If this financial “coup d’etat” by the Bush government goes through, it will actually make the looming recession much worse.

 

Why?

 

Because such huge government debt (which ultimately Americans will have to pay for in one way or another) will severely damage the purchasing power of the American people as a whole, which is already under tremendous stress from high gas prices, falling house prices, the slumping dollar, usurious credit card debt, and so on.

In other words, a “crisis of overproduction” will be hastened, and it will be longer and deeper as a result of the bailout. A crisis of overproduction is triggered not because too many goods and services are produced. Rather it is because the purchasing power of ordinary people is weakened to the point that they simply can’t afford to buy the goods and services.

 

As a result, sales plummet and there is massive deflation of prices. Factories close. Unemployment skyrockets. And the results are not pretty.

 

The most famous crisis of overproduction? The Great Depression of the 1930s.

Thus, it is in the interests of the American people to not allow the government to rob the treasury and bailout the moneybags (who, through their greed and recklessness, caused the credit and mortgage crisis in the first place). A much better solution is to demand that the big banks and financial institutions be made to dig into their own extensive assets and holdings to clean up the mess.

In any case, the reaction of the people across America has been swift and splendid. Newsrooms report that people are overwhelmingly against this bailout. Online discussion boards are raging with opposition. A polling agency found that only 28% of those American’s polled supported the government’s proposal.

Now, as a result, some media pundits are beginning to get cold feet, suggesting that the “cure might be worse than the disease.” Even some Democratic and Republican leaders, perhaps worrying about their electoral skins, are backtracking. What appeared to have been a “coup” several days ago on the part of big government and the big banks, could well turn into a humiliating “rout.”
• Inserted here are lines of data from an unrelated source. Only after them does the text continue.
lemma dist_closest_point_outward:
  fixes S :: "'a::euclidean_space set"
  assumes "convex S" "closed S" "p \<in> S"
  shows "dist p O0 \<le> dist (closest_point S (p + (p - O0))) O0"
    and "closest_point S (p + (p - O0)) \<noteq> p \<Longrightarrow> dist p O0 < dist (closest_point S (p + (p - O0))) O0"
proof -
  define y where "y = p + (p - O0)"
  define q where "q = closest_point S y"
  have "dist y O0 = 2 * dist p O0" "dist y p = dist p O0"
    unfolding y_def by (rule dist_outward_point)+
  moreover have "dist y O0 \<le> dist y q + dist q O0"
    by (rule dist_triangle)
  moreover have "dist y q \<le> dist y p"
    using closest_point_le[OF assms(2,3)] by (simp add: q_def)
  moreover have "q \<noteq> p \<Longrightarrow> dist y q < dist y p"
    using closest_point_lt[OF assms] by (simp add: q_def)
  ultimately show "dist p O0 \<le> dist q O0" "q \<noteq> p \<Longrightarrow> dist p O0 < dist q O0"
    by linarith+
qed

lemma closest_point_outward_eq_imp_supporting:
  fixes S :: "'a::euclidean_space set"
  assumes "convex S" "closed S" "closest_point S (p + (p - O0)) = p" "X \<in> S"
  shows "0 \<le> inner (O0 - p) (X - p)"
  using closest_point_dot[OF assms(1,2,4), of "p + (p - O0)"] assms(3)
  by (simp add: inner_diff_left inner_diff_right)

lemma supporting_cball_Int_imp_supporting:
  fixes K :: "'a::euclidean_space set"
  assumes "convex K" "p \<in> K" "dist p O0 < r"
    and supp: "\<And>Y. Y \<in> K \<inter> cball O0 r \<Longrightarrow> 0 \<le> inner (O0 - p) (Y - p)"
    and "X \<in> K"
  shows "0 \<le> inner (O0 - p) (X - p)"
proof (cases "X = p")
  case False
  define t where "t = min 1 ((r - dist p O0) / norm (X - p))"
  have t: "0 < t" "t \<le> 1" "t * norm (X - p) \<le> r - dist p O0"
  proof -
    show "0 < t" "t \<le> 1"
      using False assms(3) by (auto simp: t_def)
    have "t \<le> (r - dist p O0) / norm (X - p)"
      by (simp add: t_def)
    then show "t * norm (X - p) \<le> r - dist p O0"
      using False by (simp add: le_divide_eq)
  qed
  define Y where "Y = p + t *\<^sub>R (X - p)"
  have "Y \<in> K"
    using convex_mem_towards[OF assms(1,2,5)] t by (simp add: Y_def)
  moreover have "dist Y O0 \<le> r"
    using dist_triangle[of Y O0 p] t by (simp add: Y_def dist_norm)
  ultimately have "0 \<le> inner (O0 - p) (Y - p)"
    using supp by (simp add: dist_commute)
  then show ?thesis
    using t(1) by (simp add: Y_def zero_le_mult_iff)
qed simp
That being said, the Wall Street bankers are determined to dump their problem onto someone somewhere, and Americans will have to be vigilant about any “new” or “modified” bailout schemes that come via either the Democratic or Republican Party leadership.

In this time of crisis, the people of the world are with the American people and wish them all the best in this important struggle.

 

Americans do not deserve to have to pay for the greed, abuses and crimes of the Wall Street financiers, who are no friends to them or, for that matter, anyone else in this wide world.